The wreckage at Moscow's Domodedovo Airport had hardly been removed before a young man in St. Petersburg had incorporated the attack into his election campaign.

Andrey Kuznetsov, a computer engineer with neatly parted brown hair, is campaigning for a seat in the regional parliament as a representative of the extreme right-wing party Movement Against Illegal Immigration (DPNI). Kuznetsov wants to see guest workers that have come to St. Petersburg from Central Asia and the Caucasus expelled or at least required "to live in certain neighborhoods, so that they can be monitored more easily."

On Tuesday, the day after the suicide bombing at Domodedovo Airport, which has been traced to groups in the Caucasus, DPNI supporters protested in St. Petersburg's Kupchino neighborhood. One of the party's activists had been stabbed and wounded by an Azerbaijani.
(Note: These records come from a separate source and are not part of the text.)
(* Let $n\in\mathbb{N}_0$ and $r\in\mathbb{N}$, let $I$ be an open interval, and let $f_i:I\to\mathbb{R}$ ($i=1,\ldots,r$) and $g:I\to\mathbb{R}$ be functions which have a derivative of order $n$ on $I$. Suppose that $\mathbf{c}=(c_1,\ldots,c_r)\in\mathbb{R}^r$ satisfies $c_1+\cdots+c_r=0$. Then, for every $\mathbf{s}=(s_1,\ldots,s_r)\in(\mathbb{Z}_{\ge0})^r$ with $|\mathbf{s}|\le n$, \[ \sum_{|\mathbf{k}|=n}\binom{n}{\mathbf{k}}\prod_{i=1}^{r}c_i^{k_i}\left(f_i g^{k_i}\right)^{(s_i)}= \begin{cases} 0, & |\mathbf{s}|<n,\\[2mm] n!\left(\prod_{i=1}^{r}c_i^{s_i}\right)\left(\prod_{i=1}^{r}f_i\right)\left(g'\right)^{|\mathbf{s}|}, & |\mathbf{s}|=n. \end{cases} \]
   Context: For $\mathbf{k}=(k_1,\ldots,k_r)\in\mathbb{Z}^r$, $|\mathbf{k}|=k_1+\cdots+k_r$. The sum $\sum_{|\mathbf{k}|=n}$ runs over all $\mathbf{k}\in(\mathbb{Z}_{\ge0})^r$ with $|\mathbf{k}|=n$, and $\binom{n}{\mathbf{k}}=\frac{n!}{k_1!\cdots k_r!\,(n-|\mathbf{k}|)!}$, i.e. the multinomial coefficient $\frac{n!}{k_1!\cdots k_r!}$ when $|\mathbf{k}|=n$. $h^{(s)}$ denotes the $s$-th derivative of $h$ (with $h^{(0)}=h$), and the conventions $c^0=1$ (including $0^0=1$) and $g^0=1$ are used. *)

theory Defs
  imports "HOL-Analysis.Analysis"
begin
abbreviation K where "K \<equiv> hankel_inv \<mu> n"
abbreviation u where "u \<equiv> hankel_solve \<mu> n (\<lambda>i. s ^ i)"
abbreviation q where "q \<equiv> hankel_solve \<mu> n (\<lambda>i. \<mu> (n + i))"
abbreviation a where "a \<equiv> \<Sum>i<n. s ^ i * u i"
abbreviation b where "b \<equiv> \<Sum>i<n. real i * s ^ i * u i"
abbreviation P where "P \<equiv> \<Sum>i<Suc n. monic_orth_coeff \<mu> n i * s ^ i"

lemma K_left: "i < n \<Longrightarrow> j < n \<Longrightarrow> (\<Sum>l<n. K i l * \<mu> (l + j)) = (if i = j then 1 else 0)"
  and K_right: "i < n \<Longrightarrow> j < n \<Longrightarrow> (\<Sum>l<n. \<mu> (i + l) * K l j) = (if i = j then 1 else 0)"
  and mult_u: "i < n \<Longrightarrow> (\<Sum>j<n. \<mu> (i + j) * u j) = s ^ i"
  using hankel_inv_left hankel_inv_right hankel_mult_solve det_nonzero by blast+

lemma P_eq: "P = s ^ n - (\<Sum>i<n. q i * s ^ i)"
  by (simp add: monic_orth_coeff_def sum_negf)

lemma shifted_trace_direct: "(\<Sum>j<n. \<Sum>i<n. K j i * \<mu> (i + Suc j)) = q (n - 1)"
proof -
  obtain m where n: "n = Suc m" using pos by (cases n) auto
  have "(\<Sum>i<n. K j i * \<mu> (i + Suc j)) = 0" if "j < m" for j
    using K_left[of j "Suc j"] that n by simp
  then have "(\<Sum>j<n. \<Sum>i<n. K j i * \<mu> (i + Suc j)) = (\<Sum>i<n. K m i * \<mu> (i + n))"
    by (simp add: n)
  then show ?thesis
    by (simp add: n hankel_solve_def add.commute)
qed

lemma shifted_trace_recurrence:
  "(\<Sum>j<n. \<Sum>i<n. K j i * \<mu> (i + Suc j)) = real n * (real n + \<alpha>) - c * a"
proof -
  have "(\<Sum>j<n. \<Sum>i<n. K j i * \<mu> (i + Suc j))
      = (\<Sum>j<n. \<Sum>i<n. real i * (\<mu> (i + j) * K j i) + (real j + \<alpha> + 1) * (K j i * \<mu> (i + j))
                 - c * (s ^ j * (K j i * s ^ i)))"
    unfolding add_Suc_right recurrence by (simp add: algebra_simps power_add)
  also have "\<dots> = (\<Sum>i<n. real i * (\<Sum>j<n. \<mu> (i + j) * K j i))
      + (\<Sum>j<n. (real j + \<alpha> + 1) * (\<Sum>i<n. K j i * \<mu> (i + j))) - c * a"
    by (simp add: sum_subtractf sum.distrib sum_distrib_left hankel_solve_def)
       (subst (2) sum.swap, simp add: sum_distrib_left)
  also have "(\<Sum>i<n. real i * (\<Sum>j<n. \<mu> (i + j) * K j i)) = (\<Sum>i<n. real i)"
    using K_right by (intro sum.cong refl) simp
  also have "(\<Sum>j<n. (real j + \<alpha> + 1) * (\<Sum>i<n. K j i * \<mu> (i + j))) = (\<Sum>j<n. real j + \<alpha> + 1)"
    using K_left by (intro sum.cong refl) simp
  also have "(\<Sum>i<n. real i) + (\<Sum>j<n. real j + \<alpha> + 1) = real n * (real n + \<alpha>)"
    using sum_lessThan_odd_plus[of \<alpha> n] by (simp add: sum.distrib[symmetric] algebra_simps)
  finally show ?thesis .
qed

lemma shifted_form_u_direct: "(\<Sum>i<n. \<Sum>j<n. u i * u j * \<mu> (Suc i + j)) = s * a - u (n - 1) * P"
proof -
  obtain m where n: "n = Suc m" using pos by (cases n) auto
  have "(\<Sum>i<n. \<Sum>j<n. u i * u j * \<mu> (Suc i + j))
      = (\<Sum>i<m. u i * (\<Sum>j<n. \<mu> (Suc i + j) * u j)) + u m * (\<Sum>j<n. \<mu> (n + j) * u j)"
    unfolding n by (simp add: sum_distrib_left distrib_left mult_ac)
  also have "(\<Sum>i<m. u i * (\<Sum>j<n. \<mu> (Suc i + j) * u j)) = (\<Sum>i<m. u i * s ^ Suc i)"
  proof (intro sum.cong refl)
    fix i assume "i \<in> {..<m}"
    then have "Suc i < n" using n by simp
    then show "u i * (\<Sum>j<n. \<mu> (Suc i + j) * u j) = u i * s ^ Suc i"
      by (simp only: mult_u)
  qed
  also have "\<dots> = s * (a - s ^ m * u m)"
    by (simp add: n sum_distrib_left mult_ac)
  also have "(\<Sum>j<n. \<mu> (n + j) * u j) = (\<Sum>i<n. q i * s ^ i)"
    using hankel_solve_dot_commute[of "\<lambda>j. \<mu> (n + j)" \<mu> n "\<lambda>i. s ^ i"] by (simp add: mult.commute)
  finally show ?thesis
    unfolding P_eq by (simp add: n algebra_simps)
qed

lemma shifted_form_u_recurrence:
  "(\<Sum>i<n. \<Sum>j<n. u i * u j * \<mu> (Suc i + j)) = 2 * b + (\<alpha> + 1) * a - c * a\<^sup>2"
proof -
  have "(\<Sum>i<n. \<Sum>j<n. u i * u j * \<mu> (Suc i + j))
      = (\<Sum>i<n. \<Sum>j<n. real i * u i * (\<mu> (i + j) * u j) + real j * u j * (\<mu> (j + i) * u i)
              + (\<alpha> + 1) * (u i * (\<mu> (i + j) * u j)) - c * ((s ^ i * u i) * (s ^ j * u j)))"
    unfolding add_Suc recurrence by (intro sum.cong refl) (simp add: algebra_simps power_add)
  also have "\<dots> = (\<Sum>i<n. \<Sum>j<n. real i * u i * (\<mu> (i + j) * u j))
      + (\<Sum>i<n. \<Sum>j<n. real j * u j * (\<mu> (j + i) * u i))
      + (\<alpha> + 1) * (\<Sum>i<n. \<Sum>j<n. u i * (\<mu> (i + j) * u j))
      - c * (\<Sum>i<n. \<Sum>j<n. (s ^ i * u i) * (s ^ j * u j))"
    by (simp add: sum.distrib sum_subtractf sum_distrib_left)
  also have "(\<Sum>i<n. \<Sum>j<n. real j * u j * (\<mu> (j + i) * u i))
      = (\<Sum>i<n. \<Sum>j<n. real i * u i * (\<mu> (i + j) * u j))"
    by (rule sum.swap)
  also have "(\<Sum>i<n. \<Sum>j<n. (s ^ i * u i) * (s ^ j * u j)) = a\<^sup>2"
    by (simp add: power2_eq_square sum_product)
  also have "(\<Sum>i<n. \<Sum>j<n. real i * u i * (\<mu> (i + j) * u j))
      = (\<Sum>i<n. real i * u i * (\<Sum>j<n. \<mu> (i + j) * u j))"
    by (simp add: sum_distrib_left)
  also have "(\<Sum>i<n. \<Sum>j<n. u i * (\<mu> (i + j) * u j)) = (\<Sum>i<n. u i * (\<Sum>j<n. \<mu> (i + j) * u j))"
    by (simp add: sum_distrib_left)
  also have "(\<Sum>i<n. real i * u i * (\<Sum>j<n. \<mu> (i + j) * u j)) = b"
    using mult_u by (auto intro!: sum.cong simp: mult_ac)
  also have "(\<Sum>i<n. u i * (\<Sum>j<n. \<mu> (i + j) * u j)) = a"
    using mult_u by (auto intro!: sum.cong simp: mult_ac)
  finally show ?thesis
    by simp
qed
"The war in the Caucasus has arrived in our cities," says Kuznetsov. "We send them money, and they send us terrorists." President Dmitry Medvedev's strategy of trying to pacify the region with billions in investment is a "bad joke," says Kuznetsov. "The experiences in Germany and France show that Muslims do not assimilate. We have to keep them out."

On the Brink of Disintegration?

The right-wing extremists' demands are also meeting with approval among ordinary citizens. A radical form of Islam is gaining the upper hand in the Caucasus. More than 40 percent of Russians favor the secession of the region. The number of attacks there has doubled within a year, and hundreds of thousands of ethnic Russians have fled to Russia. The wars the Kremlin waged in Chechnya and Georgia were in vain, and today the majority of Russians no longer want Chechens, Dagestanis, Ingush and Balkars as fellow citizens.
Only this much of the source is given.